Service for Sunday, April 29, 2012
Lighting the Chalice, Laura Horton-Ludwig
Fire and water, ancient opposites
Sun and ocean, the cradle of life
Dancing flame and dancing river—
We invoke them together today
As we kindle our chalice flame.
Opening Song: #100, I’ve Got Peace Like a River
Reading, Kenneth Grahame, The Wind in the Willows
He thought his happiness was complete when, as he
meandered aimlessly along, suddenly he stood by the
edge of a full-fed river. Never in his life had he seen a
river before—this sleek, sinuous, full-bodied animal,
chasing and chuckling, gripping things with a gurgle
and leaving them with a laugh, to fling itself on fresh
playmates that shook themselves free, and were caught
and held again. All as a-shake and a-shiver—glints and
gleams and sparkles, rustle and swirl, chatter and
bubble. The Mole was bewitched, entranced, fascinated.

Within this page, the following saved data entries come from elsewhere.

definition moran_trans ::
  "'a set \<Rightarrow> ('a \<times> 'a) set \<Rightarrow> ('a \<Rightarrow> real) \<Rightarrow> ('a \<Rightarrow> real) \<Rightarrow> 'a set \<Rightarrow> 'a set \<Rightarrow> real" where
  "moran_trans V E m r X Y =
     (\<Sum>u\<in>V. \<Sum>v\<in>V.
        if moran_update X u v = Y
        then fitness m r X u / (\<Sum>x\<in>V. fitness m r X x) * uweight E u v
        else 0)"

fun moran_dist ::
  "'a set \<Rightarrow> ('a \<times> 'a) set \<Rightarrow> ('a \<Rightarrow> real) \<Rightarrow> ('a \<Rightarrow> real) \<Rightarrow> 'a set \<Rightarrow> nat \<Rightarrow> 'a set \<Rightarrow> real" where
  "moran_dist V E m r S 0 Y = (if Y = S then 1 else 0)"
| "moran_dist V E m r S (Suc t) Y =
     (\<Sum>X\<in>Pow V. moran_dist V E m r S t X * moran_trans V E m r X Y)"

text \<open>Probability that the process has not been absorbed (in the empty set or V)
  by time t, i.e. Pr[tau > t], since the configurations {} and V are absorbing.\<close>
definition not_absorbed_prob ::
  "'a set \<Rightarrow> ('a \<times> 'a) set \<Rightarrow> ('a \<Rightarrow> real) \<Rightarrow> ('a \<Rightarrow> real) \<Rightarrow> 'a set \<Rightarrow> nat \<Rightarrow> real" where
  "not_absorbed_prob V E m r S t = (\<Sum>X\<in>Pow V - {{}, V}. moran_dist V E m r S t X)"

text \<open>Expected absorption time T = E[tau] = sum over t of Pr[tau > t].\<close>
definition absorption_time ::
  "'a set \<Rightarrow> ('a \<times> 'a) set \<Rightarrow> ('a \<Rightarrow> real) \<Rightarrow> ('a \<Rightarrow> real) \<Rightarrow> 'a set \<Rightarrow> real" where
  "absorption_time V E m r S = (\<Sum>t. not_absorbed_prob V E m r S t)"

end

theory Submission
  imports Defs
begin
lemma skew_symmetry_fsum:
  "fsum (\<lambda>i. sc ((-1) ^ i) (Y (Y u (r + int i) v) (-1 - int i) vac))
     = - sc (if even r then 1 else -1) (Y v r u)"
proof -
  have "fsum (\<lambda>i. sc ((-1) ^ i * (of_int r gchoose i))
          (Y u (-1 + r - int i) (Y v (0 + int i) vac)
           - sc (if even r then 1 else -1) (Y v (0 + r - int i) (Y u (-1 + int i) vac))))
      = (\<Sum>i<1. sc ((-1) ^ i * (of_int r gchoose i))
          (Y u (-1 + r - int i) (Y v (0 + int i) vac)
           - sc (if even r then 1 else -1) (Y v (0 + r - int i) (Y u (-1 + int i) vac))))"
    by (rule fsum_eq_sum_lessThan) (simp add: Y_vacuum_nonneg)
  then show ?thesis
    using borcherds[of "-1" u r v 0 vac]
    by (simp add: gbinomial_minus_one_left Y_vacuum_minus_one Y_vacuum_nonneg)
qed

lemma skew_symmetry:
  assumes "\<forall>n\<ge>T. Y u n v = 0" and "T \<le> r + int C"
  shows "Y v r u = - sc (if even r then 1 else -1)
                      (\<Sum>i<C. sc ((-1) ^ i) (Y (Y u (r + int i) v) (-1 - int i) vac))"
proof -
  define s :: complex where "s = (if even r then 1 else -1)"
  have "fsum (\<lambda>i. sc ((-1) ^ i) (Y (Y u (r + int i) v) (-1 - int i) vac))
      = (\<Sum>i<C. sc ((-1) ^ i) (Y (Y u (r + int i) v) (-1 - int i) vac))"
    by (rule fsum_eq_sum_lessThan) (use assms in auto)
  then have "(\<Sum>i<C. sc ((-1) ^ i) (Y (Y u (r + int i) v) (-1 - int i) vac)) = - sc s (Y v r u)"
    using skew_symmetry_fsum unfolding s_def by simp
  moreover have "s * s = 1" unfolding s_def by simp
  ultimately show ?thesis unfolding s_def[symmetric] by simp
qed
lemma smooth_on_sum:
  "open U \<Longrightarrow> (\<And>a. a \<in> A \<Longrightarrow> smooth_on U (F a)) \<Longrightarrow> smooth_on U (\<lambda>x. \<Sum>a\<in>A. F a x)"
  by (induction A rule: infinite_finite_induct) (simp_all add: smooth_on_const smooth_on_add)

lemma smooth_on_prod:
  "open U \<Longrightarrow> (\<And>a. a \<in> A \<Longrightarrow> smooth_on U (F a)) \<Longrightarrow> smooth_on U (\<lambda>x. \<Prod>a\<in>A. F a x :: real)"
  by (induction A rule: infinite_finite_induct) (simp_all add: smooth_on_const smooth_on_mult)

lemma smooth_on_power: "open U \<Longrightarrow> smooth_on U f \<Longrightarrow> smooth_on U (\<lambda>x. f x ^ k :: real)"
  by (induction k) (simp_all add: smooth_on_const smooth_on_mult)

lemma smooth_on_det:
  fixes A :: "real^'n::finite \<Rightarrow> real^'m::finite^'m"
  shows "open U \<Longrightarrow> (\<And>r c. smooth_on U (\<lambda>q. A q $ r $ c)) \<Longrightarrow> smooth_on U (\<lambda>q. det (A q))"
  unfolding det_def
  by (intro smooth_on_sum smooth_on_mult smooth_on_const smooth_on_prod) auto

lemma has_real_derivative_coordinate_line:
  fixes F :: "real^'n::finite \<Rightarrow> real"
  assumes "F differentiable (at (a + s *\<^sub>R axis k 1))"
  shows "((\<lambda>t. F (a + t *\<^sub>R axis k 1)) has_real_derivative pd k F (a + s *\<^sub>R axis k 1)) (at s)"
proof -
  let ?F' = "frechet_derivative F (at (a + s *\<^sub>R axis k 1))"
  have dF: "(F has_derivative ?F') (at (a + s *\<^sub>R axis k 1))"
    using assms by (rule has_derivative_frechet_derivative)
  have "((\<lambda>t. a + t *\<^sub>R axis k 1) has_derivative (\<lambda>t. t *\<^sub>R axis k 1)) (at s)"
    by (auto intro!: derivative_eq_intros)
  from has_derivative_compose[OF this dF]
  have "((\<lambda>t. F (a + t *\<^sub>R axis k 1)) has_derivative (\<lambda>t. ?F' (t *\<^sub>R axis k 1))) (at s)" .
  moreover have "(\<lambda>t. ?F' (t *\<^sub>R axis k 1)) = (*) (pd k F (a + s *\<^sub>R axis k 1))"
    using linear_scale[OF has_derivative_linear[OF dF]] by (simp add: pd_def fun_eq_iff mult.commute)
  ultimately show ?thesis
    unfolding has_field_derivative_def by simp
qed
(* In the standard LLP setup, fix $N\ge1$. If the optimistic LLP supervisor is valid, i.e. $L(G,\gamma^N_{optm})=\overline{K^\uparrow}$, then there is no run-time error in $L(G,\gamma^N_{optm})$, i.e. there is no $s\in L(G,\gamma^N_{optm})$ with $f^N_{optm}(s)=\emptyset$.
   Context: Standard LLP setup. $\Sigma=\Sigma_c\,\dot\cup\,\Sigma_{uc}$ is a finite alphabet partitioned into controllable and uncontrollable events. The plant $G$ has generated language $L(G)$ and marked language $L_m(G)$ with $L(G)=\overline{L_m(G)}$ ($\overline{M}$ = set of prefixes of strings in $M$). The legal language $K\subseteq L_m(G)$ satisfies $K=\overline{K}\cap L_m(G)$. For a prefix-closed $L$, $M$ is controllable w.r.t. $L$ if $\overline{M}\Sigma_{uc}\cap L\subseteq\overline{M}$; $K^\uparrow$ is the supremal sublanguage of $K$ controllable w.r.t. $L(G)$. For a language $L$ and $s\in\Sigma^*$: $L/s=\{t: st\in L\}$; $L|_N=\{t\in L:|t|\le N\}$; $\Sigma_{L(G)}(s)=\{\sigma\in\Sigma: s\sigma\in L(G)\}$. $M^{\uparrow/s|_N}$ is the supremal sublanguage of $M$ controllable w.r.t. $L(G)/s|_N$. Optimistic attitude: $f^N_{optm}(s)=[K/s|_N\cup(\overline{K}/s|_N\setminus\overline{K}/s|_{N-1})]^{\uparrow/s|_N}$; control policy $\gamma^N_{optm}(s)=(\overline{f^N_{optm}(s)}\cap\Sigma)\cup(\Sigma_{uc}\cap\Sigma_{L(G)}(s))$. Closed-loop language $L(G,\gamma)$: $\epsilon\in L(G,\gamma)$, and $s\sigma\in L(G,\gamma)$ iff $s\in L(G,\gamma)$, $s\sigma\in L(G)$, $\sigma\in\gamma(s)$. A supervisor with policy $\gamma^N$ is valid if $L(G,\gamma^N)=\overline{K^\uparrow}$. A run-time error occurs at $s$ if $s\in L(G,\gamma^N)$ and $f^N(s)=\emptyset$. *)

theory Defs
  imports Main
begin

definition pref :: "'a list set \<Rightarrow> 'a list set" where
  "pref M = {s. \<exists>t. s @ t \<in> M}"

definition quot :: "'a list set \<Rightarrow> 'a list \<Rightarrow> 'a list set" where
  "quot L s = {t. s @ t \<in> L}"

definition trunc :: "'a list set \<Rightarrow> nat \<Rightarrow> 'a list set" where
  "trunc L N = {t \<in> L. length t \<le> N}"

definition controllable :: "'a list set \<Rightarrow> 'a list set \<Rightarrow> 'a set \<Rightarrow> bool" where
  "controllable M L Sigma_uc \<longleftrightarrow>
     {s @ [\<sigma>] | s \<sigma>. s \<in> pref M \<and> \<sigma> \<in> Sigma_uc} \<inter> L \<subseteq> pref M"

definition supC :: "'a list set \<Rightarrow> 'a list set \<Rightarrow> 'a set \<Rightarrow> 'a list set" where
  "supC M L Sigma_uc = \<Union>{M'. M' \<subseteq> M \<and> controllable M' L Sigma_uc}"

definition enabled :: "'a set \<Rightarrow> 'a list set \<Rightarrow> 'a list \<Rightarrow> 'a set" where
  "enabled \<Sigma> L s = {\<sigma> \<in> \<Sigma>. s @ [\<sigma>] \<in> L}"

definition f_optm :: "'a set \<Rightarrow> 'a list set \<Rightarrow> 'a list set \<Rightarrow> nat \<Rightarrow> 'a list \<Rightarrow> 'a list set" where
  "f_optm Sigma_uc LG K N s =
     supC (trunc (quot K s) N \<union>
           (trunc (quot (pref K) s) N - trunc (quot (pref K) s) (N - 1)))
          (trunc (quot LG s) N) Sigma_uc"

(* control policy gamma^N_optm(s); "pref(f(s)) \<inter> \<Sigma>" = events whose length-one string is in pref(f(s)) *)
definition gamma_optm :: "'a set \<Rightarrow> 'a set \<Rightarrow> 'a list set \<Rightarrow> 'a list set \<Rightarrow> nat \<Rightarrow> 'a list \<Rightarrow> 'a set" where
  "gamma_optm \<Sigma> Sigma_uc LG K N s =
     {\<sigma> \<in> \<Sigma>. [\<sigma>] \<in> pref (f_optm Sigma_uc LG K N s)} \<union> (Sigma_uc \<inter> enabled \<Sigma> LG s)"

inductive_set closed_loop :: "'a list set \<Rightarrow> ('a list \<Rightarrow> 'a set) \<Rightarrow> 'a list set"
  for LG :: "'a list set" and \<gamma> :: "'a list \<Rightarrow> 'a set" where
  eps: "[] \<in> closed_loop LG \<gamma>"
| step: "s \<in> closed_loop LG \<gamma> \<Longrightarrow> s @ [\<sigma>] \<in> LG \<Longrightarrow> \<sigma> \<in> \<gamma> s \<Longrightarrow> s @ [\<sigma>] \<in> closed_loop LG \<gamma>"

end

theory Submission
  imports Defs
begin

text \<open>If the supervisor is valid, every reachable string s is a prefix of K^sup.
  The continuations of s inside K^sup, cut off at the lookahead horizon N (complete strings of
  length at most N, and unfinished ones of length exactly N), form a nonempty sublanguage of
  the optimistic candidate language that is controllable with respect to the N-step
  lookahead window L(G)/s|N. Hence the supremal such sublanguage f_optm(s) is nonempty.\<close>

lemma supC_subset: "supC M L U \<subseteq> M"
  unfolding supC_def by auto

lemma supC_greatest: "M' \<subseteq> M \<Longrightarrow> controllable M' L U \<Longrightarrow> M' \<subseteq> supC M L U"
  unfolding supC_def by auto

lemma controllable_supC: "controllable (supC M L U) L U"
  unfolding controllable_def supC_def pref_def by blast

lemma pref_mono: "M \<subseteq> M' \<Longrightarrow> pref M \<subseteq> pref M'"
  unfolding pref_def by auto

lemma pref_quot: "pref (quot M s) = quot (pref M) s"
  unfolding pref_def quot_def by auto

lemma controllable_quot:
  "controllable M L U \<Longrightarrow> controllable (quot M s) (quot L s) U"
  unfolding controllable_def pref_quot by (auto simp: quot_def)

definition horizon_cut :: "'a list set \<Rightarrow> nat \<Rightarrow> 'a list set" where
  "horizon_cut L N = trunc L N \<union> {t \<in> pref L. length t = N}"

lemma pref_horizon_cut: "pref (horizon_cut L N) = trunc (pref L) N"
proof
  show "pref (horizon_cut L N) \<subseteq> trunc (pref L) N"
    unfolding horizon_cut_def pref_def trunc_def by auto
next
  show "trunc (pref L) N \<subseteq> pref (horizon_cut L N)"
  proof
    fix t assume "t \<in> trunc (pref L) N"
    then obtain u where tu: "t @ u \<in> L" and t: "length t \<le> N"
      unfolding trunc_def pref_def by auto
    have take_tu: "take N (t @ u) = t @ take (N - length t) u"
      using t by simp
    have "take N (t @ u) \<in> horizon_cut L N"
    proof (cases "length (t @ u) \<le> N")
      case True
      then show ?thesis using tu unfolding horizon_cut_def trunc_def by auto
    next
      case False
      have "take N (t @ u) \<in> pref L"
        using tu unfolding pref_def by (metis append_take_drop_id mem_Collect_eq)
      then show ?thesis using False unfolding horizon_cut_def by auto
    qed
    then show "t \<in> pref (horizon_cut L N)"
      unfolding take_tu pref_def by auto
  qed
qed

lemma controllable_horizon_cut:
  assumes "controllable L LG U"
  shows "controllable (horizon_cut L N) (trunc LG N) U"
  using assms unfolding controllable_def pref_horizon_cut by (auto simp: trunc_def)

lemma horizon_cut_nonempty:
  assumes "[] \<in> pref L"
  shows "horizon_cut L N \<noteq> {}"
proof -
  have "[] \<in> pref (horizon_cut L N)"
    using assms unfolding pref_horizon_cut by (simp add: trunc_def)
  then show ?thesis
    unfolding pref_def by auto
qed

text \<open>The unfinished strings of length N lie in the optimistic part of the candidate
  language only because N - 1 < N, which fails for the truncated subtraction when N = 0.\<close>

lemma horizon_cut_subset:
  assumes "L \<subseteq> L'" and "N \<ge> 1"
  shows "horizon_cut L N \<subseteq> trunc L' N \<union> (trunc (pref L') N - trunc (pref L') (N - 1))"
  using assms pref_mono[OF assms(1)] unfolding horizon_cut_def trunc_def by auto

lemma f_optm_nonempty:
  assumes "N \<ge> 1" and "s \<in> pref (supC K LG U)"
  shows "f_optm U LG K N s \<noteq> {}"
proof -
  define L where "L = quot (supC K LG U) s"
  have "[] \<in> pref L"
    using assms(2) unfolding L_def pref_quot by (simp add: quot_def)
  moreover have "L \<subseteq> quot K s"
    using supC_subset unfolding L_def quot_def by auto
  moreover have "controllable L (quot LG s) U"
    unfolding L_def by (intro controllable_quot controllable_supC)
  ultimately have "horizon_cut L N \<subseteq> f_optm U LG K N s"
    unfolding f_optm_def pref_quot[symmetric]
    using assms(1) by (intro supC_greatest horizon_cut_subset controllable_horizon_cut)
  then show ?thesis
    using horizon_cut_nonempty[OF \<open>[] \<in> pref L\<close>] by auto
qed

theorem theorem3:
  fixes \<Sigma> Sigma_c Sigma_uc :: "'a set" and Lm LG K :: "'a list set" and N :: nat
  assumes "finite \<Sigma>" and "Sigma_c \<union> Sigma_uc = \<Sigma>" and "Sigma_c \<inter> Sigma_uc = {}"
    and "Lm \<subseteq> lists \<Sigma>" and "LG = pref Lm"
    and "K \<subseteq> Lm" and "K = pref K \<inter> Lm"
    and "N \<ge> 1"
    and "closed_loop LG (gamma_optm \<Sigma> Sigma_uc LG K N) = pref (supC K LG Sigma_uc)"
  shows "\<not> (\<exists>s \<in> closed_loop LG (gamma_optm \<Sigma> Sigma_uc LG K N). f_optm Sigma_uc LG K N s = {})"
  using f_optm_nonempty[OF \<open>N \<ge> 1\<close>] assms(9) by auto

end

By the side of the river he trotted as one trots, when
very small, by the side of a man who holds one
spellbound by exciting stories; and when tired at last, he
sat on the bank, while the river still chattered on to him,
a babbling procession of the best stories in the world,
sent from the heart of the earth to be told at last to the
insatiable sea.
© 2012, Cal Frye, under a Creative Commons Attribution 3.0 US License.!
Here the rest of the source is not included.